На другой день немцы, собрав все имевшиеся в распоряжении силы, устроили карательную экспедицию, которая не обнаружила ничего, кроме остатков лагеря. Когда она вернулась на базу, даль уже содрогалась от грома артиллерии. Тем временем в тесном вестибюле маленькой горной церкви, километрах в двадцати пяти к западу, Валь ди Сарат дружески беседовал с принцем.
— Если не ответите на мои вопросы удовлетворительно, мне ничего не останется, как вывести вас и расстрелять.
Принц так часто думал о неизбежности расстрела, что чуть ли не с облегчением услышал эту произнесенную спокойно, бесстрастно жуткую угрозу. Появилась почва для дискуссии.

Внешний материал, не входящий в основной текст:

(* Let $n\ge 1$. (1) If the additive group $\mathbb{R}^n$ has a subgroup $G$ with $G\in\mathcal{N}\setminus\mathcal{M}$, then there is no translation invariant Borel hull operation on $\mathcal{N}$ with respect to $\mathcal{N}$. (2) If $\mathbb{R}^n$ has a subgroup $H$ with $H\in\mathcal{M}\setminus\mathcal{N}$, then there is no translation invariant Borel hull operation on $\mathcal{M}$ with respect to $\mathcal{M}$.
   Context: $\mathcal{N}$ is the $\sigma$-ideal of Lebesgue null subsets of $\mathbb{R}^n$, and $\mathcal{M}$ is the $\sigma$-ideal of meager subsets of $\mathbb{R}^n$. For $A\subseteq\mathbb{R}^n$ and $x\in\mathbb{R}^n$ put $A+x=\{a+x:a\in A\}$. For a $\sigma$-ideal $\mathcal{I}$ with a Borel base, i.e. every set in $\mathcal{I}$ is contained in a Borel set in $\mathcal{I}$, and a family $\mathcal{F}$ of sets, a Borel hull operation on $\mathcal{F}$ with respect to $\mathcal{I}$ is a map $\psi$ from $\mathcal{F}$ to the Borel sets such that $A\subseteq\psi(A)$ and $\psi(A)\setminus A\in\mathcal{I}$ for all $A\in\mathcal{F}$. When $\mathcal{I}$ and $\mathcal{F}$ are translation invariant families of subsets of $\mathbb{R}^n$, such a $\psi$ is translation invariant if $\psi(A+x)=\psi(A)+x$ for all $A\in\mathcal{F}$ and $x\in\mathbb{R}^n$. *)

theory Defs
  imports "HOL-Analysis.Analysis"
begin

definition nowhere_dense :: "'a::topological_space set \<Rightarrow> bool" where
  "nowhere_dense A \<longleftrightarrow> interior (closure A) = {}"

definition meager :: "'a::topological_space set \<Rightarrow> bool" where
  "meager A \<longleftrightarrow> (\<exists>F :: nat \<Rightarrow> 'a set. (\<forall>k. nowhere_dense (F k)) \<and> A \<subseteq> (\<Union>k. F k))"

definition additive_subgroup :: "'a::ab_group_add set \<Rightarrow> bool" where
  "additive_subgroup G \<longleftrightarrow> 0 \<in> G \<and> (\<forall>x\<in>G. \<forall>y\<in>G. x - y \<in> G)"

definition borel_hull_op ::
  "'a::topological_space set set \<Rightarrow> 'a set set \<Rightarrow> ('a set \<Rightarrow> 'a set) \<Rightarrow> bool" where
  "borel_hull_op I F psi \<longleftrightarrow>
     (\<forall>A\<in>F. psi A \<in> sets borel \<and> A \<subseteq> psi A \<and> psi A - A \<in> I)"

definition translation_invariant_op ::
  "'a::ab_group_add set set \<Rightarrow> ('a set \<Rightarrow> 'a set) \<Rightarrow> bool" where
  "translation_invariant_op F psi \<longleftrightarrow>
     (\<forall>A\<in>F. \<forall>x. psi ((\<lambda>a. a + x) ` A) = (\<lambda>a. a + x) ` psi A)"

end

theory Submission
  imports Defs
begin

text \<open>
  Let \<open>\<psi>\<close> be a translation invariant Borel hull operation for an ideal \<open>I\<close> (null or meager sets)
  and let \<open>G \<in> I\<close> be a subgroup not in the other ideal \<open>J\<close>. Then \<open>B = \<psi> G\<close> is a Borel set in \<open>I\<close>
  with \<open>B + g = B\<close> for \<open>g \<in> G\<close>. A subgroup outside \<open>J\<close> is dense, since its closure is a subgroup
  with nonempty interior (for measure by Steinhaus' theorem). Borel sets invariant under a dense set of
  translations satisfy a zero-one law for \<open>J\<close>: \<open>B\<close> or its complement lies in \<open>J\<close>. But \<open>B\<close> contains
  \<open>G \<notin> J\<close>, and since \<open>B \<in> I\<close> is not everything, the complement of \<open>B\<close> contains a translate
  \<open>G + x\<close>, which is not in \<open>J\<close> either.

  For category, the zero-one law holds because a Borel set is comeager in some nonempty open set
  unless it is meager; an element of \<open>G\<close> moves such a set for \<open>B\<close> onto one meeting such a set for
  the complement, and their intersection is a nonempty open meager set. For measure, Fubini's
  theorem yields \<open>t\<close> such that \<open>D = {y \<in> B. y + t \<notin> B}\<close> is not null; by Steinhaus \<open>D - D\<close>
  contains a ball around \<open>0\<close>, and \<open>h \<in> G\<close> close to \<open>-t\<close> gives \<open>a, b \<in> D\<close> with \<open>(b + t) + h = a\<close>,
  contradicting invariance.
\<close>

section \<open>Additive subgroups\<close>

lemma additive_subgroup_diff:
  "additive_subgroup G \<Longrightarrow> x \<in> G \<Longrightarrow> y \<in> G \<Longrightarrow> x - y \<in> G"
  unfolding additive_subgroup_def by blast

lemma additive_subgroup_add:
  assumes "additive_subgroup G" "x \<in> G" "y \<in> G"
  shows "x + y \<in> G"
proof -
  have "0 - y \<in> G"
    using assms additive_subgroup_diff unfolding additive_subgroup_def by blast
  then show ?thesis
    using additive_subgroup_diff[OF assms(1,2), of "0 - y"] by simp
qed

lemma additive_subgroup_translation_eq:
  assumes "additive_subgroup G" "g \<in> G"
  shows "(\<lambda>a. a + g) ` G = G"
proof
  show "(\<lambda>a. a + g) ` G \<subseteq> G"
    using additive_subgroup_add[OF assms(1) _ assms(2)] by blast
  show "G \<subseteq> (\<lambda>a. a + g) ` G"
  proof
    fix x assume "x \<in> G"
    then have "x - g \<in> G" using additive_subgroup_diff assms by blast
    then show "x \<in> (\<lambda>a. a + g) ` G" by (rule rev_image_eqI) simp
  qed
qed

lemma additive_subgroup_closure:
  fixes G :: "'a::real_normed_vector set"
  assumes "additive_subgroup G"
  shows "additive_subgroup (closure G)"
proof -
  have "(\<lambda>p. fst p - snd p) ` closure (G \<times> G) \<subseteq> closure G"
  proof (rule image_closure_subset)
    show "continuous_on (closure (G \<times> G)) (\<lambda>p. fst p - snd p)"
      by (intro continuous_on_diff continuous_on_fst continuous_on_snd continuous_on_id)
    show "(\<lambda>p. fst p - snd p) ` (G \<times> G) \<subseteq> closure G"
      using additive_subgroup_diff[OF assms] closure_subset by fastforce
  qed simp
  then have "x - y \<in> closure G" if "x \<in> closure G" "y \<in> closure G" for x y
    using that unfolding closure_Times by force
  moreover have "0 \<in> closure G"
    using assms closure_subset unfolding additive_subgroup_def by blast
  ultimately show ?thesis
    unfolding additive_subgroup_def by blast
qed

lemma additive_subgroup_eq_UNIV_if_ball:
  fixes C :: "'a::real_normed_vector set"
  assumes C: "additive_subgroup C" and "r > 0" and ball: "ball 0 r \<subseteq> C"
  shows "C = UNIV"
proof -
  have "y \<in> C" for y :: 'a
  proof -
    obtain n :: nat where n: "norm y / r < real n"
      using reals_Archimedean2 by blast
    moreover have "norm y / r \<ge> 0"
      using \<open>r > 0\<close> by simp
    ultimately have "real n > 0"
      by linarith
    define v where "v = y /\<^sub>R real n"
    have "norm v < r"
      using n \<open>real n > 0\<close> \<open>r > 0\<close> unfolding v_def by (simp add: field_simps)
    then have "v \<in> C" using ball by auto
    have "real m *\<^sub>R v \<in> C" for m :: nat
    proof (induction m)
      case 0
      then show ?case using C unfolding additive_subgroup_def by simp
    next
      case (Suc m)
      then show ?case
        using additive_subgroup_add[OF C Suc \<open>v \<in> C\<close>] by (simp add: algebra_simps)
    qed
    moreover have "real n *\<^sub>R v = y"
      using \<open>real n > 0\<close> unfolding v_def by simp
    ultimately show "y \<in> C" by metis
  qed
  then show ?thesis by auto
qed

lemma additive_subgroup_dense_if_interior_closure:
  fixes G :: "'a::real_normed_vector set"
  assumes G: "additive_subgroup G" and "interior (closure G) \<noteq> {}"
  shows "closure G = UNIV"
proof -
  obtain p r where r: "r > 0" "ball p r \<subseteq> closure G"
    using assms(2) by (meson ex_in_conv mem_interior)
  have C: "additive_subgroup (closure G)"
    using additive_subgroup_closure[OF G] .
  have "ball 0 r \<subseteq> closure G"
  proof
    fix z :: 'a assume "z \<in> ball 0 r"
    then have "z + p \<in> closure G" "p \<in> closure G"
      using r by (auto simp: dist_norm)
    then show "z \<in> closure G"
      using additive_subgroup_diff[OF C] by fastforce
  qed
  then show ?thesis using additive_subgroup_eq_UNIV_if_ball[OF C r(1)] by simp
qed

section \<open>Meager sets and the Baire property\<close>

lemma meagerI:
  fixes F :: "nat \<Rightarrow> 'a::topological_space set"
  assumes "\<And>k. nowhere_dense (F k)" "A \<subseteq> (\<Union>k. F k)"
  shows "meager A"
  unfolding meager_def using assms by blast

lemma meager_empty: "meager {}"
  by (rule meagerI[of "\<lambda>_. {}"]) (auto simp: nowhere_dense_def)

lemma meager_subset:
  assumes "meager B" "A \<subseteq> B"
  shows "meager A"
  using assms unfolding meager_def by (meson order_trans)

lemma meager_UN:
  fixes A :: "nat \<Rightarrow> 'a::topological_space set"
  assumes "\<And>i. meager (A i)"
  shows "meager (\<Union>i. A i)"
proof -
  obtain F :: "nat \<Rightarrow> nat \<Rightarrow> 'a set"
    where F: "\<And>i k. nowhere_dense (F i k)" "\<And>i. A i \<subseteq> (\<Union>k. F i k)"
    using assms unfolding meager_def by metis
  show ?thesis
  proof (rule meagerI[of "case_prod F \<circ> prod_decode"])
    show "nowhere_dense ((case_prod F \<circ> prod_decode) k)" for k
      using F(1) by (simp add: split_beta)
    show "(\<Union>i. A i) \<subseteq> (\<Union>k. (case_prod F \<circ> prod_decode) k)"
    proof
      fix x assume "x \<in> (\<Union>i. A i)"
      then obtain i k where "x \<in> F i k" using F(2) by blast
      then have "x \<in> (case_prod F \<circ> prod_decode) (prod_encode (i, k))" by simp
      then show "x \<in> (\<Union>k. (case_prod F \<circ> prod_decode) k)" by blast
    qed
  qed
qed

— Вы бы не расстреляли меня в церкви, — услышал он собственный голос.
— Нет, я бы вас вывел, — ответил Валь ди Сарат, — хотя в подобных делах всякое представление о моральных критериях уничтожено. Вчера ваши солдаты сожгли церковь в Сан-Рокко, так что нелепо полагать, будто ваша смерть в церкви явилась бы таким уж святотатством. К тому же, — он указал на каменные плиты в нефе, — вы оказались бы в хорошей компании. Там уже лежат четверо или пятеро покойников.
Принц счел эту шутку безвкусной и сказал об этом. Валь ди Сарат высказал мнение, что вся война была весьма безвкусной, и что лично он не настолько тщеславен, дабы полагать, будто может улучшить ее характер одним благородным поступком.

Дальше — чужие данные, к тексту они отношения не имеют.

(* Let $R$ be a semifield and let $X,Y,Z$ be $R$-convex sets. If $f:X\times Y\to Z$ is a convex map (where $X\times Y$ carries the product convex structure), then $f$ is biconvex.
   Context: A semifield is a commutative semiring in which every nonzero element is invertible. $D_R$ is the monad on $\mathsf{Set}$ of finitely supported $R$-valued distributions summing to $1$; an $R$-convex set is a $D_R$-algebra $(X,\pi^X)$, and $\sum_i\alpha_ix_i$ denotes $\pi^X$ applied to the formal combination. The product $X\times Y$ is the product in the category of $R$-convex sets, with componentwise convex combinations. A map $f:X\times Y\to Z$ is biconvex if $f(\sum_i\alpha_ix_i,\sum_j\beta_jy_j)=\sum_{i,j}\alpha_i\beta_jf(x_i,y_j)$ for all convex combinations in $X$ and $Y$. *)

theory Defs
  imports Main
begin

definition supp :: "('a \<Rightarrow> 'r::zero) \<Rightarrow> 'a set" where
  "supp d = {x. d x \<noteq> 0}"

definition is_dist :: "('a \<Rightarrow> 'r::comm_semiring_1) \<Rightarrow> bool" where
  "is_dist d \<longleftrightarrow> finite (supp d) \<and> sum d (supp d) = 1"

definition delta :: "'a \<Rightarrow> 'a \<Rightarrow> 'r::comm_semiring_1" where
  "delta x = (\<lambda>y. if y = x then 1 else 0)"

definition Dmap :: "('a \<Rightarrow> 'b) \<Rightarrow> ('a \<Rightarrow> 'r::comm_semiring_1) \<Rightarrow> 'b \<Rightarrow> 'r" where
  "Dmap f d = (\<lambda>y. sum d {x \<in> supp d. f x = y})"

definition Dmult :: "(('a \<Rightarrow> 'r) \<Rightarrow> 'r) \<Rightarrow> 'a \<Rightarrow> 'r::comm_semiring_1" where
  "Dmult Phi = (\<lambda>x. \<Sum>d\<in>supp Phi. Phi d * d x)"

text \<open>R-convex set = D_R-algebra on the type 'x, with structure map pi
  (only its values on distributions matter).\<close>
definition convex_alg :: "(('x \<Rightarrow> 'r::comm_semiring_1) \<Rightarrow> 'x) \<Rightarrow> bool" where
  "convex_alg pi \<longleftrightarrow>
     (\<forall>x. pi (delta x) = x) \<and>
     (\<forall>Phi :: ('x \<Rightarrow> 'r) \<Rightarrow> 'r. is_dist Phi \<and> (\<forall>d\<in>supp Phi. is_dist d) \<longrightarrow>
        pi (Dmap pi Phi) = pi (Dmult Phi))"

definition convex_map ::
  "(('x \<Rightarrow> 'r::comm_semiring_1) \<Rightarrow> 'x) \<Rightarrow> (('z \<Rightarrow> 'r) \<Rightarrow> 'z) \<Rightarrow> ('x \<Rightarrow> 'z) \<Rightarrow> bool" where
  "convex_map piX piZ f \<longleftrightarrow> (\<forall>d. is_dist d \<longrightarrow> f (piX d) = piZ (Dmap f d))"

definition prod_alg ::
  "(('x \<Rightarrow> 'r::comm_semiring_1) \<Rightarrow> 'x) \<Rightarrow> (('y \<Rightarrow> 'r) \<Rightarrow> 'y) \<Rightarrow> (('x \<times> 'y \<Rightarrow> 'r) \<Rightarrow> 'x \<times> 'y)" where
  "prod_alg piX piY = (\<lambda>d. (piX (Dmap fst d), piY (Dmap snd d)))"

text \<open>Biconvexity: f(sum_i a_i x_i, sum_j b_j y_j) = sum_{i,j} a_i b_j f(x_i,y_j).\<close>
definition biconvex ::
  "(('x \<Rightarrow> 'r::comm_semiring_1) \<Rightarrow> 'x) \<Rightarrow> (('y \<Rightarrow> 'r) \<Rightarrow> 'y) \<Rightarrow> (('z \<Rightarrow> 'r) \<Rightarrow> 'z)
     \<Rightarrow> ('x \<times> 'y \<Rightarrow> 'z) \<Rightarrow> bool" where
  "biconvex piX piY piZ f \<longleftrightarrow>
     (\<forall>a b. is_dist a \<and> is_dist b \<longrightarrow>
        f (piX a, piY b) = piZ (Dmap f (\<lambda>(x, y). a x * b y)))"

end

theory Submission
  imports Defs
begin

text \<open>For distributions \<open>a\<close> on \<open>X\<close> and \<open>b\<close> on \<open>Y\<close>, the product distribution
  \<open>(x, y) \<mapsto> a x * b y\<close> on \<open>X \<times> Y\<close> has marginals \<open>a\<close> and \<open>b\<close>, so the product convex
  structure sends it to \<open>(\<Sum>a\<^sub>i x\<^sub>i, \<Sum>b\<^sub>j y\<^sub>j)\<close>. Convexity of \<open>f\<close> applied to this
  distribution is then literally biconvexity.\<close>

definition dist_prod :: "('a \<Rightarrow> 'r::comm_semiring_1) \<Rightarrow> ('b \<Rightarrow> 'r) \<Rightarrow> 'a \<times> 'b \<Rightarrow> 'r" where
  "dist_prod a b = (\<lambda>(x, y). a x * b y)"

lemma supp_dist_prod_subset: "supp (dist_prod a b) \<subseteq> supp a \<times> supp b"
  by (auto simp: dist_prod_def supp_def)

lemma is_dist_dist_prod:
  assumes a: "is_dist a" and b: "is_dist b"
  shows "is_dist (dist_prod a b)"
proof -
  have fin: "finite (supp a \<times> supp b)"
    using a b by (simp add: is_dist_def)
  have "sum (dist_prod a b) (supp (dist_prod a b)) = sum (dist_prod a b) (supp a \<times> supp b)"
    using fin supp_dist_prod_subset by (rule sum.mono_neutral_left) (simp add: supp_def)
  also have "\<dots> = (\<Sum>x\<in>supp a. a x) * (\<Sum>y\<in>supp b. b y)"
    by (simp add: dist_prod_def sum.cartesian_product sum_product)
  also have "\<dots> = 1"
    using a b by (simp add: is_dist_def)
  finally show ?thesis
    using fin supp_dist_prod_subset finite_subset unfolding is_dist_def by blast
qed

lemma Dmap_fst_dist_prod:
  assumes b: "is_dist b"
  shows "Dmap fst (dist_prod a b) = a"
proof
  fix x
  have "Dmap fst (dist_prod a b) x = sum (dist_prod a b) ({x} \<times> supp b)"
    unfolding Dmap_def
    by (rule sum.mono_neutral_left) (use b in \<open>auto simp: is_dist_def supp_def dist_prod_def\<close>)
  also have "\<dots> = a x * (\<Sum>y\<in>supp b. b y)"
    by (simp add: dist_prod_def sum.cartesian_product[symmetric] sum_distrib_left)
  finally show "Dmap fst (dist_prod a b) x = a x"
    using b by (simp add: is_dist_def)
qed

lemma Dmap_snd_dist_prod:
  assumes a: "is_dist a"
  shows "Dmap snd (dist_prod a b) = b"
proof
  fix y
  have "Dmap snd (dist_prod a b) y = sum (dist_prod a b) (supp a \<times> {y})"
    unfolding Dmap_def
    by (rule sum.mono_neutral_left) (use a in \<open>auto simp: is_dist_def supp_def dist_prod_def\<close>)
  also have "\<dots> = (\<Sum>x\<in>supp a. a x) * b y"
    by (simp add: dist_prod_def sum.cartesian_product[symmetric] sum_distrib_right)
  finally show "Dmap snd (dist_prod a b) y = b y"
    using a by (simp add: is_dist_def)
qed

lemma prod_alg_dist_prod:
  assumes "is_dist a" and "is_dist b"
  shows "prod_alg piX piY (dist_prod a b) = (piX a, piY b)"
  using assms by (simp add: prod_alg_def Dmap_fst_dist_prod Dmap_snd_dist_prod)

lemma biconvex_if_convex_map_prod_alg:
  fixes piX :: "('x \<Rightarrow> 'r::comm_semiring_1) \<Rightarrow> 'x" and piY :: "('y \<Rightarrow> 'r) \<Rightarrow> 'y"
  assumes "convex_map (prod_alg piX piY) piZ f"
  shows "biconvex piX piY piZ f"
  unfolding biconvex_def
proof (intro allI impI, elim conjE)
  fix a :: "'x \<Rightarrow> 'r" and b :: "'y \<Rightarrow> 'r"
  assume a: "is_dist a" and b: "is_dist b"
  have "f (piX a, piY b) = f (prod_alg piX piY (dist_prod a b))"
    by (simp add: prod_alg_dist_prod[OF a b])
  also have "\<dots> = piZ (Dmap f (dist_prod a b))"
    using assms is_dist_dist_prod[OF a b] by (simp add: convex_map_def)
  finally show "f (piX a, piY b) = piZ (Dmap f (\<lambda>(x, y). a x * b y))"
    by (simp only: dist_prod_def)
qed

theorem mainTheorem7:
  fixes piX :: "('x \<Rightarrow> 'r::comm_semiring_1) \<Rightarrow> 'x"
    and piY :: "('y \<Rightarrow> 'r) \<Rightarrow> 'y"
    and piZ :: "('z \<Rightarrow> 'r) \<Rightarrow> 'z"
    and f :: "'x \<times> 'y \<Rightarrow> 'z"
  assumes semifield: "\<forall>a::'r. a \<noteq> 0 \<longrightarrow> (\<exists>b. a * b = 1)"
    and "convex_alg piX" and "convex_alg piY" and "convex_alg piZ"
    and "convex_map (prod_alg piX piY) piZ f"
  shows "biconvex piX piY piZ f"
  using assms(5) by (rule biconvex_if_convex_map_prod_alg)

end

— Каким, например? — спросил принц.
— Например, пристойно расстреляв вас за стенами церкви, — ответил Валь ди Сарат.
— Чего вы хотите от меня? — спросил принц, похолодевший от этого легкомыслия.
— Название вашей части.
— Сто восьмой пехотный полк, военный округ Дармштадт.
Валь ди Сарат записал.
— Теперь сведения об этом Винтершильде.
— Откуда вы знаете его фамилию?
Валь ди Сарат рассказал об их турнире, в меру приукрасив подробности.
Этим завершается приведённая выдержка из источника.